----- PROVIDED RECORDS -----

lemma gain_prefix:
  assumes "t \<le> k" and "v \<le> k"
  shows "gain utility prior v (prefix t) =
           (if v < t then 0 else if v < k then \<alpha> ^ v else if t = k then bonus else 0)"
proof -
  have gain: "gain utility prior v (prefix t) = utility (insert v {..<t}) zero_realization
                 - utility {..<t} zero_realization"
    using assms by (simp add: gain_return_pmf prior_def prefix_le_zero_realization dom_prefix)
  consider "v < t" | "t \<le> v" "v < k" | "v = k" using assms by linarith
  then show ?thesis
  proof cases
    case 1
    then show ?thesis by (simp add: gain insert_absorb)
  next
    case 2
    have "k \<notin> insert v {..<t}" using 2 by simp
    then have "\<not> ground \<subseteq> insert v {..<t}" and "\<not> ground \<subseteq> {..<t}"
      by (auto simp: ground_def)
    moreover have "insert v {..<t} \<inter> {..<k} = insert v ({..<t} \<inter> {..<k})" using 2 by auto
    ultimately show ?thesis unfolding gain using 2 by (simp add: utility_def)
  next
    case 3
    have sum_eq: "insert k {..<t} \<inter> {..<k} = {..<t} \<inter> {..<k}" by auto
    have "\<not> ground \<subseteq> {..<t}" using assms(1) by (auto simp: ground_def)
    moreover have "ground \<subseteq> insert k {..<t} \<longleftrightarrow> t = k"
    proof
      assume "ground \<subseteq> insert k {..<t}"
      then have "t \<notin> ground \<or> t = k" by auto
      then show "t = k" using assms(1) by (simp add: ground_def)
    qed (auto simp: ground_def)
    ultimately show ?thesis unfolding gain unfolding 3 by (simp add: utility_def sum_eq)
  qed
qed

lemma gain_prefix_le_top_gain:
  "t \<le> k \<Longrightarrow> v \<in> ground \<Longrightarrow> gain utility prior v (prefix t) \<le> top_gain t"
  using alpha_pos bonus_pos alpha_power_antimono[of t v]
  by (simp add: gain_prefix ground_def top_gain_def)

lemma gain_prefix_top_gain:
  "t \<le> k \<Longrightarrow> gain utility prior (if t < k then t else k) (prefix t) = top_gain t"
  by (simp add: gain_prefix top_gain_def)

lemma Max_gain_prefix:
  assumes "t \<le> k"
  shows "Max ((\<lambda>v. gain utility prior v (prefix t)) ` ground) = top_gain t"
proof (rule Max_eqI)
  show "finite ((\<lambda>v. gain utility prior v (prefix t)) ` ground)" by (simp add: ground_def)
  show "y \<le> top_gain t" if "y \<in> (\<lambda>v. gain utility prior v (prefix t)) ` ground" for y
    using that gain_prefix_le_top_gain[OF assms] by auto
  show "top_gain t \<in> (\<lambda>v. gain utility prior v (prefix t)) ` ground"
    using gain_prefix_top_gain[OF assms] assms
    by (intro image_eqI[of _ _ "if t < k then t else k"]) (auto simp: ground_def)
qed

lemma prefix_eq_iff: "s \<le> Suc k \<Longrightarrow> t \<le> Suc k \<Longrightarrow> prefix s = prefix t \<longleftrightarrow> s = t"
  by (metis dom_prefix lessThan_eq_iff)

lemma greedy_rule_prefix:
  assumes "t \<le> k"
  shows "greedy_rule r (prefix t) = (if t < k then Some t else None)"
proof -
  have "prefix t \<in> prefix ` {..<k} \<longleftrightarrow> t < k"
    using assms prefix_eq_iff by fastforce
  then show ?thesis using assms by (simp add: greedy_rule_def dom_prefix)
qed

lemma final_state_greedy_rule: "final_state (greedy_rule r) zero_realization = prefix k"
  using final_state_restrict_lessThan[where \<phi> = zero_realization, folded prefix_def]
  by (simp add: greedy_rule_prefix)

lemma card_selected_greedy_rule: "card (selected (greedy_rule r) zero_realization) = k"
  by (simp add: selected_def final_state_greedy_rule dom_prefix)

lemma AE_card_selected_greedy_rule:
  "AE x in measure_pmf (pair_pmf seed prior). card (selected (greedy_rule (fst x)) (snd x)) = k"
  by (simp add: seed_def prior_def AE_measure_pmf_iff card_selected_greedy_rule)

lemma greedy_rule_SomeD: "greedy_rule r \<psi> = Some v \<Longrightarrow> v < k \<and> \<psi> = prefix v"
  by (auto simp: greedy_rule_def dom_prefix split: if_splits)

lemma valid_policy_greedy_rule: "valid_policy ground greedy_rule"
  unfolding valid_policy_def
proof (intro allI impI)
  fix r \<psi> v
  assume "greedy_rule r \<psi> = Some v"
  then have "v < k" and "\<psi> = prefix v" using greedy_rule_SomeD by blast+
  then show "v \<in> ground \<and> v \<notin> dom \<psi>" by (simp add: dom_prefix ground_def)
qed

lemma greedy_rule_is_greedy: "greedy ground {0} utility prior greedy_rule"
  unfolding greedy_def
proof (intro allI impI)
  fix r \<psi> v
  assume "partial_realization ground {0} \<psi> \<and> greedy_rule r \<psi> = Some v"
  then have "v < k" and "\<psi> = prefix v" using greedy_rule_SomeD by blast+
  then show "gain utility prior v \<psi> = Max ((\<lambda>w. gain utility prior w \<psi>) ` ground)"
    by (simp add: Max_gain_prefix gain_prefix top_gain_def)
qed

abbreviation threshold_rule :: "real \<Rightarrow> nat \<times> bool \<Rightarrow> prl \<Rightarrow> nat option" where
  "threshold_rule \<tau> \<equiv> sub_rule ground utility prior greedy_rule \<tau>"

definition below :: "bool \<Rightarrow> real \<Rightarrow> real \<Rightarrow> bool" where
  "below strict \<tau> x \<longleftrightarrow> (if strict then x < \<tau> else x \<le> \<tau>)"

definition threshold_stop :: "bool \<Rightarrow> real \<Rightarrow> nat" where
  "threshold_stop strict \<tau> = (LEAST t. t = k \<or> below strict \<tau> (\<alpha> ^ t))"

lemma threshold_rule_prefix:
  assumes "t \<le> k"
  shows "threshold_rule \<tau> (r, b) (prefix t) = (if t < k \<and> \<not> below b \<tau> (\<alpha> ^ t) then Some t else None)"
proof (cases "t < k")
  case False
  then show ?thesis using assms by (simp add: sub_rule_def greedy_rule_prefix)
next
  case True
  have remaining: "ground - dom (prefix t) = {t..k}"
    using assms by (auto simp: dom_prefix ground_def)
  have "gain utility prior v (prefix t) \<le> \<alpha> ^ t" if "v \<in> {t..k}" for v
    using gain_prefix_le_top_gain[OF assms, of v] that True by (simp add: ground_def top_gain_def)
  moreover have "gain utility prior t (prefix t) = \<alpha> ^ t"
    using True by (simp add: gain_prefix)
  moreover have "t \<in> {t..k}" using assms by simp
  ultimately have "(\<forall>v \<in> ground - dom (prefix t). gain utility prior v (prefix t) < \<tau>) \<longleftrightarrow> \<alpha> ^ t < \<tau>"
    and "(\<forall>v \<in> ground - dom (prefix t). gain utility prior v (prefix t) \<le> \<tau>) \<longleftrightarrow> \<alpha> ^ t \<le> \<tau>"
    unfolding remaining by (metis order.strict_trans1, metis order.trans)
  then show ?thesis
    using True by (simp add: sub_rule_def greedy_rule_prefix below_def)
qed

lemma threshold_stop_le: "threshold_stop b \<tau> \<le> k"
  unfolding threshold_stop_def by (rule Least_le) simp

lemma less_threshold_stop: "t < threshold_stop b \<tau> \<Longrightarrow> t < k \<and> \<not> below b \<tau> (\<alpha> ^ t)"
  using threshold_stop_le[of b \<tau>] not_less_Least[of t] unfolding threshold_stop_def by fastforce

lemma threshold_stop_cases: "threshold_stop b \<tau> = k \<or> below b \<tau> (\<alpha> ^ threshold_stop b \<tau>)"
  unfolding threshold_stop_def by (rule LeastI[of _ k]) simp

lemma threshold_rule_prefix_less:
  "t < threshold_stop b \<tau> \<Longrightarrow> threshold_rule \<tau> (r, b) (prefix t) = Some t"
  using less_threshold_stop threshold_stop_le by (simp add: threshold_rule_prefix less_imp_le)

-----
----- PROVIDED RECORDS -----

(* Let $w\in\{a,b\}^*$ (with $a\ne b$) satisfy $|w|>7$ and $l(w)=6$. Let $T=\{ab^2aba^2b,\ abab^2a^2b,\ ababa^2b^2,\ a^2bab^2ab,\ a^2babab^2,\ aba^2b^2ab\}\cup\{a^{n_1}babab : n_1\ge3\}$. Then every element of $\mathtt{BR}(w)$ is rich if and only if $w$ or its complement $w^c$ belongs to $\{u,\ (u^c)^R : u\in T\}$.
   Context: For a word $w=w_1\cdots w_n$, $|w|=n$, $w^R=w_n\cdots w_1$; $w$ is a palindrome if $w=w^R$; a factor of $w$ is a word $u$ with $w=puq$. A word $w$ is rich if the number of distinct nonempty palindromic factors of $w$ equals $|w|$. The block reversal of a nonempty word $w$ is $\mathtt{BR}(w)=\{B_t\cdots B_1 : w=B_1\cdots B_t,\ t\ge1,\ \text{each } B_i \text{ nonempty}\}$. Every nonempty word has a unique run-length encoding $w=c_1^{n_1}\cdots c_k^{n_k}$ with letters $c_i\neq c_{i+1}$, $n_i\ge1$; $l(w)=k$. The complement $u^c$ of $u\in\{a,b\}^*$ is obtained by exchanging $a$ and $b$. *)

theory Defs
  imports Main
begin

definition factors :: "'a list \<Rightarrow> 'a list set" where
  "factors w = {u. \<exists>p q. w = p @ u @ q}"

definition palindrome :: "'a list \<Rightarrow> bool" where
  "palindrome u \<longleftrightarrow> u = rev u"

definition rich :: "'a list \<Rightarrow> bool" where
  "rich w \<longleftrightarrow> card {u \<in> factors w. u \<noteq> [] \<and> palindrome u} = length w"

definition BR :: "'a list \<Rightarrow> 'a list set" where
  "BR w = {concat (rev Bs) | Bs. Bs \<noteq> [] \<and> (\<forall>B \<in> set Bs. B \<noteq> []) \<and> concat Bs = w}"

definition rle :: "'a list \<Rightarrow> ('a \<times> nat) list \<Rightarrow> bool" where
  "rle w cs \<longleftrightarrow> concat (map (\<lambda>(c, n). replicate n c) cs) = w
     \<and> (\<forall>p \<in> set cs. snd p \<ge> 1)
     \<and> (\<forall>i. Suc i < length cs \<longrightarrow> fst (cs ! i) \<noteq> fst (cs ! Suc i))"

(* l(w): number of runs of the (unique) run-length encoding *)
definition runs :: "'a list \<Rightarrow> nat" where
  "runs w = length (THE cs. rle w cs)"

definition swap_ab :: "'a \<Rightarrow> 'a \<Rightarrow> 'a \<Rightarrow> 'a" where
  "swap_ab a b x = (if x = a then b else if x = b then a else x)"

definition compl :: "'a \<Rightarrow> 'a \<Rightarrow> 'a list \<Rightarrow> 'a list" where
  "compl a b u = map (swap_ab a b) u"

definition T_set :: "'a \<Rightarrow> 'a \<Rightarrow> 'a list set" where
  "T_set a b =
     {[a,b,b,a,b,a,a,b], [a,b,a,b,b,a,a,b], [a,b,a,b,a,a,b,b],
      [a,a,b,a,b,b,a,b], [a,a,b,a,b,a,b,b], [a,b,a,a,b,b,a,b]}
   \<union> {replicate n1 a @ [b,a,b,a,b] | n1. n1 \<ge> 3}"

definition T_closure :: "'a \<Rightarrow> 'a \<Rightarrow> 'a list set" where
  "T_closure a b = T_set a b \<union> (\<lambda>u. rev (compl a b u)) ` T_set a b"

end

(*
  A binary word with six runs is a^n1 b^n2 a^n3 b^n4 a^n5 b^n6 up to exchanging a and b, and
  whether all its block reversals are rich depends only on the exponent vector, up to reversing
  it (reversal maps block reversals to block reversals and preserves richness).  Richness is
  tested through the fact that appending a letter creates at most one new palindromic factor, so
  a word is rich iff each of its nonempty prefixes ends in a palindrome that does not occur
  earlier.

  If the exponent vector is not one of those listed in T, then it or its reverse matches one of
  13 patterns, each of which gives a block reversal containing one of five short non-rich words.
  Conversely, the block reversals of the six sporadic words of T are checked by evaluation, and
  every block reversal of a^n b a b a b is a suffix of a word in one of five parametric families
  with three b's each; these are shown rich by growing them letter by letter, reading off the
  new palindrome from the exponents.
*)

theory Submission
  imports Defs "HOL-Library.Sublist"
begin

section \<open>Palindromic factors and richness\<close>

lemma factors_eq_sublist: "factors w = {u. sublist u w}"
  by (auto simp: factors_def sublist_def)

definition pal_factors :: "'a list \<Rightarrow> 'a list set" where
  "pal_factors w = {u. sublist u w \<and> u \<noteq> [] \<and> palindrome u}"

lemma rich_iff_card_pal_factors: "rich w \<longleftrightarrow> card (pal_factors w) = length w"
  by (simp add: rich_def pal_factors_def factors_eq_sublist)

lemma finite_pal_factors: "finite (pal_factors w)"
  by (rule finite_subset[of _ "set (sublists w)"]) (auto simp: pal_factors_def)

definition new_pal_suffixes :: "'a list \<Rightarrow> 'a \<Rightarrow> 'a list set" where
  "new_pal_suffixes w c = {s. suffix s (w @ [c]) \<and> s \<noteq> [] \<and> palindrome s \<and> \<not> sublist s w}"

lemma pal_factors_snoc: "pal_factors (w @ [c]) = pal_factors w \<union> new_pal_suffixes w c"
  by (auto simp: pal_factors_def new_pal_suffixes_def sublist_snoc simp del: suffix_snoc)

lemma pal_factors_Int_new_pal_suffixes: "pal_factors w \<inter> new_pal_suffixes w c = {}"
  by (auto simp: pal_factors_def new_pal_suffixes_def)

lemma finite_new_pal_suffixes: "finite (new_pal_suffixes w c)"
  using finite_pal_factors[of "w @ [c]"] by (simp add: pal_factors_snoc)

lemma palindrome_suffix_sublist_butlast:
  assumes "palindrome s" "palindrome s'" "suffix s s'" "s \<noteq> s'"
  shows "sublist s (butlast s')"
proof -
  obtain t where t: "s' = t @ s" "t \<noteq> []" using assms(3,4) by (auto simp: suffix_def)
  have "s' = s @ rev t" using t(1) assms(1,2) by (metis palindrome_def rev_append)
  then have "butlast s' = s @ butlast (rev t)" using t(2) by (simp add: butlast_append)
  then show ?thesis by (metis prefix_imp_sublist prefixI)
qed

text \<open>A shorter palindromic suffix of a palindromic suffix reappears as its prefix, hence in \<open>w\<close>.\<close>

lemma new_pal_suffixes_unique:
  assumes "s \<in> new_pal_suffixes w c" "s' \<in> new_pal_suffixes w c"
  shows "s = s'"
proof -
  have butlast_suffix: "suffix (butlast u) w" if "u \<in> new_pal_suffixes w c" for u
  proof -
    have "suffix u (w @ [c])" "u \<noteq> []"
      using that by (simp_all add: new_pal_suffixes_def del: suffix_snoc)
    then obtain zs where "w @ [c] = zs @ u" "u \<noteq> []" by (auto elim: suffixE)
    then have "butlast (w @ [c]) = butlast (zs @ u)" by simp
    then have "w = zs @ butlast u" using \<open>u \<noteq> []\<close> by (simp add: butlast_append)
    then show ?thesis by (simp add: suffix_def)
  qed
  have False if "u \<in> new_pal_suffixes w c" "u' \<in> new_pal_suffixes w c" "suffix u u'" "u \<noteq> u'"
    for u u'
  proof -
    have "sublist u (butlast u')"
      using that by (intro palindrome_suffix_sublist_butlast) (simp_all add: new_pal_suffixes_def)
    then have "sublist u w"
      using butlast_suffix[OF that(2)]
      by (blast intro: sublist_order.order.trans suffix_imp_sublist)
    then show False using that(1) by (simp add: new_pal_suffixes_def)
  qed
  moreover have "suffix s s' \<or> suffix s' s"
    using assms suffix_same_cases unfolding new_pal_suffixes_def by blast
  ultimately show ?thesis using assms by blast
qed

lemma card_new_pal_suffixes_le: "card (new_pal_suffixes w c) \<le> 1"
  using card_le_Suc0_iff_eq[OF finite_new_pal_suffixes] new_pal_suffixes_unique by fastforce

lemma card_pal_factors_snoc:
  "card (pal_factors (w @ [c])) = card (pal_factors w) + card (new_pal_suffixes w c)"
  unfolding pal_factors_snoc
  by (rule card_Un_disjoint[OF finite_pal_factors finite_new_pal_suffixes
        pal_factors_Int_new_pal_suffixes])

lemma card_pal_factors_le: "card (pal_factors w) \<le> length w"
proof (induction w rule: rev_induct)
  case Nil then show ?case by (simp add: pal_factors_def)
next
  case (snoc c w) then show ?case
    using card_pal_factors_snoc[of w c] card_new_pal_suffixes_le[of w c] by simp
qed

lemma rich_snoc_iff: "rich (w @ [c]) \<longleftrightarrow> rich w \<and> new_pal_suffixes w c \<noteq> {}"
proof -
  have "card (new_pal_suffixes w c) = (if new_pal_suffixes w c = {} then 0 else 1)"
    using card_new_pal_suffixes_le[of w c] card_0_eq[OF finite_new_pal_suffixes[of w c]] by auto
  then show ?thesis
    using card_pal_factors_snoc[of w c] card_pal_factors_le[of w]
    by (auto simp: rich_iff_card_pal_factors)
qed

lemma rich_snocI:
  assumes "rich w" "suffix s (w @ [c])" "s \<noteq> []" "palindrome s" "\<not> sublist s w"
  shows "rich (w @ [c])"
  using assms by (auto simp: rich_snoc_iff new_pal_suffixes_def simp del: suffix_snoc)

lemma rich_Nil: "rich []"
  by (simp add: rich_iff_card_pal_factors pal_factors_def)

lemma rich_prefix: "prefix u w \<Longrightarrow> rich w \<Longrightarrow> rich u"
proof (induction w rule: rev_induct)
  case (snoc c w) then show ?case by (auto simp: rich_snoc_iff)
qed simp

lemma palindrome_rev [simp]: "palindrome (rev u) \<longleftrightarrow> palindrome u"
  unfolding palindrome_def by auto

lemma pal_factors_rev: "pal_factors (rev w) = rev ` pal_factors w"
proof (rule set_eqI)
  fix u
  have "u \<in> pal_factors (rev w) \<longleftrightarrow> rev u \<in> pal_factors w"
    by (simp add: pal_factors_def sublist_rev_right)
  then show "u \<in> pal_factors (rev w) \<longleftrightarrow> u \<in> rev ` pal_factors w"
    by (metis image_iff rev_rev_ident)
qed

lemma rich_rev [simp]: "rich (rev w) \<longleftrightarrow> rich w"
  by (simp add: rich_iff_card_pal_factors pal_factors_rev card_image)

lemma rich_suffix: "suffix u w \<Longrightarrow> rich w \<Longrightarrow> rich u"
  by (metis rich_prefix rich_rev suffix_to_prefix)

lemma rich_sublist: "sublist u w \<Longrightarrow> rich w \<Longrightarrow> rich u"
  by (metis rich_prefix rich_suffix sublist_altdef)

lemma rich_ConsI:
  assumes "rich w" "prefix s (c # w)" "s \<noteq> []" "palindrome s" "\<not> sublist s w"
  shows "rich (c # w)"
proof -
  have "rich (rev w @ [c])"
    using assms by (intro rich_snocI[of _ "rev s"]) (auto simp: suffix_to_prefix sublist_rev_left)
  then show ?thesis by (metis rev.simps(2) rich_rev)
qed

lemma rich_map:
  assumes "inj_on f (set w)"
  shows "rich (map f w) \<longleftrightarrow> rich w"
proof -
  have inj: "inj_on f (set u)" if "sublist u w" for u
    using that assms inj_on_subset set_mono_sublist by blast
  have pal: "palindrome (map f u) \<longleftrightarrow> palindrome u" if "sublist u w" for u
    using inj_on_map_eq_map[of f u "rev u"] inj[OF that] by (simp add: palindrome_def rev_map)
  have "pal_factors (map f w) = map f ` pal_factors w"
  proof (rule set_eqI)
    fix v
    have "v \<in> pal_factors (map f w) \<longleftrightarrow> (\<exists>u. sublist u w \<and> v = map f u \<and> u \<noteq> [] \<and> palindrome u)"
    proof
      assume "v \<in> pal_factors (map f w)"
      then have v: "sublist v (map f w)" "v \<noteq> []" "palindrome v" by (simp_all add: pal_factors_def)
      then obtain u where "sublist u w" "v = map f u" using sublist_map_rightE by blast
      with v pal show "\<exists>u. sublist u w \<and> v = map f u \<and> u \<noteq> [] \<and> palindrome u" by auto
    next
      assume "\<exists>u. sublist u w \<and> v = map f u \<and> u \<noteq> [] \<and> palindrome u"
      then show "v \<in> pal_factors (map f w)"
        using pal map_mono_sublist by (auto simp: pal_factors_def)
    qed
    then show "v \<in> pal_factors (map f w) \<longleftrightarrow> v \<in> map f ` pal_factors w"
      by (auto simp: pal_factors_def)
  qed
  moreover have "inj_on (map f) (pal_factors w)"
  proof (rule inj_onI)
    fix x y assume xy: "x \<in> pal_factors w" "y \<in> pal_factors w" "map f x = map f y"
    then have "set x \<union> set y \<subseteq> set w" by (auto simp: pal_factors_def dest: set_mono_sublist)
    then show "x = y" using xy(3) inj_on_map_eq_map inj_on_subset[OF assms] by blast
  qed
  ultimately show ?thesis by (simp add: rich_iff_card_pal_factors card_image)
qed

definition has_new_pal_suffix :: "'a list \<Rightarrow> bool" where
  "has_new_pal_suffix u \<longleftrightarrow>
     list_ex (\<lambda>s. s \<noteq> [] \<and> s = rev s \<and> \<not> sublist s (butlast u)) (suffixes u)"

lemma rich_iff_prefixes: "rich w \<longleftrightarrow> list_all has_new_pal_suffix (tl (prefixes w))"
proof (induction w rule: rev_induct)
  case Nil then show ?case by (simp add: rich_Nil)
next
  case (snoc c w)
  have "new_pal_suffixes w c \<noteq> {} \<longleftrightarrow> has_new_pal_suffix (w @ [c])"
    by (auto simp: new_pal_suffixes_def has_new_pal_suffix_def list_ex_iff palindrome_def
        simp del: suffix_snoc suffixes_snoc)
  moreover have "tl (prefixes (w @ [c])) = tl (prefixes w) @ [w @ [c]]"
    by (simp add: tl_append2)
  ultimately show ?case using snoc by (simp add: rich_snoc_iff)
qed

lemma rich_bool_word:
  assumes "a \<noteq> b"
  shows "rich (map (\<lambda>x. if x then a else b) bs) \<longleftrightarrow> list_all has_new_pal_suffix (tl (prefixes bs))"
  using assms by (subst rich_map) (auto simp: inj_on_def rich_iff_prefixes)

-----

PROBLEM STATEMENT — Going through the listing above, copy out every line that has the string "runs".

ANSWER BOX —
(* l(w): number of runs of the (unique) run-length encoding *)
definition runs :: "'a list \<Rightarrow> nat" where
  "runs w = length (THE cs. rle w cs)"
  A binary word with six runs is a^n1 b^n2 a^n3 b^n4 a^n5 b^n6 up to exchanging a and b, and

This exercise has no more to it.